Work request => In the listing beneath this line, copy exactly the lines starting with the one containing "W) (fst (PhiR" and going on through the one containing "using functor_comp[OF F PpW ay] by simp".

Records for the exercise =>
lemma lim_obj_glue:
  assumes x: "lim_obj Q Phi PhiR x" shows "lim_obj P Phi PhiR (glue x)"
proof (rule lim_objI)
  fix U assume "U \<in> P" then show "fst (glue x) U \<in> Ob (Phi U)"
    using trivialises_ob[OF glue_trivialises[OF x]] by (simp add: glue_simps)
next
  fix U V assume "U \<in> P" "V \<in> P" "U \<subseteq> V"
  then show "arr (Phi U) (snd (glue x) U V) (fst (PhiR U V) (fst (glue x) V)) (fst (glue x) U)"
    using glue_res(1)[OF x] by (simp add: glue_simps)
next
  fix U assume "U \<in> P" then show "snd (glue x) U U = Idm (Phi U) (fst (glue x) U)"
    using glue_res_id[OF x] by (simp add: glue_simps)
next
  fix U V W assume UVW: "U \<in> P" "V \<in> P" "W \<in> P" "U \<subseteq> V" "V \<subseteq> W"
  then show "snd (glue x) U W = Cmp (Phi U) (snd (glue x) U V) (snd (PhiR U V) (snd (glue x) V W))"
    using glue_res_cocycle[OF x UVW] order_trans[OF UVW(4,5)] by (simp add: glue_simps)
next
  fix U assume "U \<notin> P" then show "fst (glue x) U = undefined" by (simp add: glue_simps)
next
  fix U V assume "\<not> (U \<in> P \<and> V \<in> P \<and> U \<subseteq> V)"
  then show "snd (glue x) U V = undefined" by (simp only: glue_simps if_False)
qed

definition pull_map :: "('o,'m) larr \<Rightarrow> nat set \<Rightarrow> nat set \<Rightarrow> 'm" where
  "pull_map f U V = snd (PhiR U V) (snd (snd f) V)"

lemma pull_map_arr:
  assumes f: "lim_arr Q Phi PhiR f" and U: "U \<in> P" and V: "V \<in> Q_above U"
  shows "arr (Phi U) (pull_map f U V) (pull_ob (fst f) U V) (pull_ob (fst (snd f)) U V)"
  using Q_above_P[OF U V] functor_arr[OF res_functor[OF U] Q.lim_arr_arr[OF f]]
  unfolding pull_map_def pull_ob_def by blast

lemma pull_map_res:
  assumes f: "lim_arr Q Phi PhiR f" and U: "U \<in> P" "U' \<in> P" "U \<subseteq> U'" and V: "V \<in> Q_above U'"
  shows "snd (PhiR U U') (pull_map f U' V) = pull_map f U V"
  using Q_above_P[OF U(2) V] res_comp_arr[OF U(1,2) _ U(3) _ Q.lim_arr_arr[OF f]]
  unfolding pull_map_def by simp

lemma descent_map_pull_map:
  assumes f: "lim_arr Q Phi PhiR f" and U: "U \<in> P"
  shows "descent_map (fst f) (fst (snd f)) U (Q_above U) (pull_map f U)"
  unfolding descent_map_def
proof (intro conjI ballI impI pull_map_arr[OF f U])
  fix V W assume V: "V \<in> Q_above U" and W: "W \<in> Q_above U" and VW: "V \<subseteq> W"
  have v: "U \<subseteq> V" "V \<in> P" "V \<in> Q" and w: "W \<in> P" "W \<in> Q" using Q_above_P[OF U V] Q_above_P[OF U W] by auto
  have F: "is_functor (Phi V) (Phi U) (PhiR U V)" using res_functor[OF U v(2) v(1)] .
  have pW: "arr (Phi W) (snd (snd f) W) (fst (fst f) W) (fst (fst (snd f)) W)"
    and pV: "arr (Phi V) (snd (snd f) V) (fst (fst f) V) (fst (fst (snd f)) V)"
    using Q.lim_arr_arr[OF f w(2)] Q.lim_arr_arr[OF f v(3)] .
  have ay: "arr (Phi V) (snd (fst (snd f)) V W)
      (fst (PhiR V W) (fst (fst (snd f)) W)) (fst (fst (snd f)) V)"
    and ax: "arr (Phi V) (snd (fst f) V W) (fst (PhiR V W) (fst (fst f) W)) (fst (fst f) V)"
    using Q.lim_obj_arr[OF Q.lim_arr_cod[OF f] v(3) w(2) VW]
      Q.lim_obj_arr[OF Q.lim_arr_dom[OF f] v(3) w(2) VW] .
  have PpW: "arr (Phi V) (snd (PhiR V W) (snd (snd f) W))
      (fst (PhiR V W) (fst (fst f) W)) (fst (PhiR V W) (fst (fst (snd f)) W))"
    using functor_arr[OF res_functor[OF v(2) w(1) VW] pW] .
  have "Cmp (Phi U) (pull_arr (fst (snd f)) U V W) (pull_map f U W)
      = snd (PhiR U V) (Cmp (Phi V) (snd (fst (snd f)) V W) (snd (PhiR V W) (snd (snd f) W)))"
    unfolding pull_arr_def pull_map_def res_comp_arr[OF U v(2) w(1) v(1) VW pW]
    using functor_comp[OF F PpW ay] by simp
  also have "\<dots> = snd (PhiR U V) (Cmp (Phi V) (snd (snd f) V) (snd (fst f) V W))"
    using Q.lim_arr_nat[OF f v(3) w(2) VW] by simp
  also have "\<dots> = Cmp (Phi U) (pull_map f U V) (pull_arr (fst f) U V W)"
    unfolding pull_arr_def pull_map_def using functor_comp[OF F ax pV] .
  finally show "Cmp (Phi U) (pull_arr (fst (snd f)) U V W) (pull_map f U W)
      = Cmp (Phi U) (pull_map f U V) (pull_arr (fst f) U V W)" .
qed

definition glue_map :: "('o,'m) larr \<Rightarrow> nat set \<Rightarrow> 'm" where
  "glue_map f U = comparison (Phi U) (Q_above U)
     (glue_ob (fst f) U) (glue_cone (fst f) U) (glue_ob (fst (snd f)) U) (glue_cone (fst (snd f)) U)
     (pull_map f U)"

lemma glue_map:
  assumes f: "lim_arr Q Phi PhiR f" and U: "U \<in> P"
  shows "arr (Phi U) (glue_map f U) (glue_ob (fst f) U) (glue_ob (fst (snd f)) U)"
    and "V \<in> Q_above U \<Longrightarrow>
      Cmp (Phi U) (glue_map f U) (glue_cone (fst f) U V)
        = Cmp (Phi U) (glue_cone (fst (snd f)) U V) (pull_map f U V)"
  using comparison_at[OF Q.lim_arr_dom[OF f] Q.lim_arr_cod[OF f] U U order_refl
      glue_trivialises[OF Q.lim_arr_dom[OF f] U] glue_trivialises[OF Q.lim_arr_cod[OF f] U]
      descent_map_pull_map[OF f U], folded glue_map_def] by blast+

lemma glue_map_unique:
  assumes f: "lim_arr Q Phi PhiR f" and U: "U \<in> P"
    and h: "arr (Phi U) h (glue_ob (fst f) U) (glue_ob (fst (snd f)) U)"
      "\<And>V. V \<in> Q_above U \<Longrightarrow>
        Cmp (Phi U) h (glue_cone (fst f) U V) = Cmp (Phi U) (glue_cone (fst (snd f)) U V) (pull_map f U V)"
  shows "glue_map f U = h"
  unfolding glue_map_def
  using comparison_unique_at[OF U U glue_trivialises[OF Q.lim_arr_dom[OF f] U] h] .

Result for this task =>
    and ax: "arr (Phi V) (snd (fst f) V W) (fst (PhiR V W) (fst (fst f) W)) (fst (fst f) V)"
    using Q.lim_obj_arr[OF Q.lim_arr_cod[OF f] v(3) w(2) VW]
      Q.lim_obj_arr[OF Q.lim_arr_dom[OF f] v(3) w(2) VW] .
  have PpW: "arr (Phi V) (snd (PhiR V W) (snd (snd f) W))
      (fst (PhiR V W) (fst (fst f) W)) (fst (PhiR V W) (fst (fst (snd f)) W))"
    using functor_arr[OF res_functor[OF v(2) w(1) VW] pW] .
  have "Cmp (Phi U) (pull_arr (fst (snd f)) U V W) (pull_map f U W)
      = snd (PhiR U V) (Cmp (Phi V) (snd (fst (snd f)) V W) (snd (PhiR V W) (snd (snd f) W)))"
    unfolding pull_arr_def pull_map_def res_comp_arr[OF U v(2) w(1) v(1) VW pW]
    using functor_comp[OF F PpW ay] by simp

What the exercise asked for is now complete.